text \<open>Bessel's inequality, using that \<open>1_{[0,1]}\<close> is orthogonal to every \<open>\<psi>_{j,k}\<close>.\<close>
lemma sum_haar_coeffs_sq_le_L2_dist:
  fixes w :: "int \<times> int \<Rightarrow> real" and j jn :: nat
  assumes jj: "j \<le> jn"
  shows "ennreal (\<Sum>k<2^j. (w (int j, int k))^2)
     \<le> (\<integral>\<^sup>+x. ennreal (((\<Sum>\<^sub>\<infinity>l\<in>haar_levels jn. w l * haar l x) - indicator {0..1} x)^2) \<partial>lborel)"
proof -
  define N :: nat where "N = 2^(Suc jn)"
  define P :: nat where "P = 2^(jn - j)"
  define F where "F = (\<lambda>m. \<Sum>l\<in>haar_levels_unit jn. w l * haar_grid jn l m)"
  have N0: "0 < N" by (simp add: N_def)
  have NP: "N = 2^j * (2*P)"
  proof -
    have "Suc jn = j + Suc (jn - j)" using jj by simp
    then show ?thesis unfolding N_def P_def by (simp only: power_add power_Suc)
  qed
  have "real N * (\<Sum>k<2^j. (w (int j, int k))^2) = (\<Sum>k<2^j. 2 * real P * 2^j * (w (int j, int k))^2)"
    unfolding NP by (simp add: sum_distrib_left algebra_simps)
  also have "\<dots> \<le> (\<Sum>k<2^j. \<Sum>i<2*P. (F (int (k*(2*P) + i)) - 1)^2)"
    using haar_coeff_sq_le_block_sum[OF jj, of _ w] unfolding F_def P_def
    by (intro sum_mono) (simp add: algebra_simps)
  also have "\<dots> = (\<Sum>m<N. (F (int m) - 1)^2)"
    unfolding NP by (rule sum_lessThan_mult_blocks[symmetric])
  finally have "(\<Sum>k<2^j. (w (int j, int k))^2) \<le> (\<Sum>m<N. (F (int m) - 1)^2 / N)"
    using N0 by (simp add: sum_divide_distrib[symmetric] field_simps)
  then have "ennreal (\<Sum>k<2^j. (w (int j, int k))^2) \<le> ennreal (\<Sum>m<N. (F (int m) - 1)^2 / N)"
    by (rule ennreal_leI)
  also have "\<dots> \<le> (\<integral>\<^sup>+x. ennreal (((\<Sum>\<^sub>\<infinity>l\<in>haar_levels jn. w l * haar l x) - indicator {0..1} x)^2) \<partial>lborel)"
  proof (rule nn_integral_ge_grid_sum[OF N0])
    fix m x assume m: "m < N" "real m < x * real N" "x * real N < real m + 1"
    have "0 < x * real N" using m by linarith
    then have "0 < x" using N0 by (simp add: zero_less_mult_iff)
    moreover have "real m + 1 \<le> real N" using m(1) by linarith
    then have "x * real N < 1 * real N" using m by linarith
    then have "x < 1" using N0 by simp
    ultimately have "indicator {0..1} x = (1::real)" by simp
    moreover have "int m < 2^(Suc jn)" using m(1) unfolding N_def by (metis of_nat_less_iff of_nat_numeral of_nat_power)
    ultimately show "((\<Sum>\<^sub>\<infinity>l\<in>haar_levels jn. w l * haar l x) - indicator {0..1} x)^2 = (F (int m) - 1)^2"
      unfolding F_def using m by (subst infsum_haar_on_grid_cell) (auto simp: N_def)
  qed simp
  finally show ?thesis .
qed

§ DIRECTIONS: Take the entries above and repeat them. Alter nothing.

§ ANSWER BOX:
text \<open>Bessel's inequality, using that \<open>1_{[0,1]}\<close> is orthogonal to every \<open>\<psi>_{j,k}\<close>.\<close>
lemma sum_haar_coeffs_sq_le_L2_dist:
  fixes w :: "int \<times> int \<Rightarrow> real" and j jn :: nat
  assumes jj: "j \<le> jn"
  shows "ennreal (\<Sum>k<2^j. (w (int j, int k))^2)
     \<le> (\<integral>\<^sup>+x. ennreal (((\<Sum>\<^sub>\<infinity>l\<in>haar_levels jn. w l * haar l x) - indicator {0..1} x)^2) \<partial>lborel)"
proof -
  define N :: nat where "N = 2^(Suc jn)"
  define P :: nat where "P = 2^(jn - j)"
  define F where "F = (\<lambda>m. \<Sum>l\<in>haar_levels_unit jn. w l * haar_grid jn l m)"
  have N0: "0 < N" by (simp add: N_def)
  have NP: "N = 2^j * (2*P)"
  proof -
    have "Suc jn = j + Suc (jn - j)" using jj by simp
    then show ?thesis unfolding N_def P_def by (simp only: power_add power_Suc)
  qed
  have "real N * (\<Sum>k<2^j. (w (int j, int k))^2) = (\<Sum>k<2^j. 2 * real P * 2^j * (w (int j, int k))^2)"
    unfolding NP by (simp add: sum_distrib_left algebra_simps)
  also have "\<dots> \<le> (\<Sum>k<2^j. \<Sum>i<2*P. (F (int (k*(2*P) + i)) - 1)^2)"
    using haar_coeff_sq_le_block_sum[OF jj, of _ w] unfolding F_def P_def
    by (intro sum_mono) (simp add: algebra_simps)
  also have "\<dots> = (\<Sum>m<N. (F (int m) - 1)^2)"
    unfolding NP by (rule sum_lessThan_mult_blocks[symmetric])
  finally have "(\<Sum>k<2^j. (w (int j, int k))^2) \<le> (\<Sum>m<N. (F (int m) - 1)^2 / N)"
    using N0 by (simp add: sum_divide_distrib[symmetric] field_simps)
  then have "ennreal (\<Sum>k<2^j. (w (int j, int k))^2) \<le> ennreal (\<Sum>m<N. (F (int m) - 1)^2 / N)"
    by (rule ennreal_leI)
  also have "\<dots> \<le> (\<integral>\<^sup>+x. ennreal (((\<Sum>\<^sub>\<infinity>l\<in>haar_levels jn. w l * haar l x) - indicator {0..1} x)^2) \<partial>lborel)"
  proof (rule nn_integral_ge_grid_sum[OF N0])
    fix m x assume m: "m < N" "real m < x * real N" "x * real N < real m + 1"
    have "0 < x * real N" using m by linarith
    then have "0 < x" using N0 by (simp add: zero_less_mult_iff)
    moreover have "real m + 1 \<le> real N" using m(1) by linarith
    then have "x * real N < 1 * real N" using m by linarith
    then have "x < 1" using N0 by simp
    ultimately have "indicator {0..1} x = (1::real)" by simp
    moreover have "int m < 2^(Suc jn)" using m(1) unfolding N_def by (metis of_nat_less_iff of_nat_numeral of_nat_power)
    ultimately show "((\<Sum>\<^sub>\<infinity>l\<in>haar_levels jn. w l * haar l x) - indicator {0..1} x)^2 = (F (int m) - 1)^2"
      unfolding F_def using m by (subst infsum_haar_on_grid_cell) (auto simp: N_def)
  qed simp
  finally show ?thesis .
qed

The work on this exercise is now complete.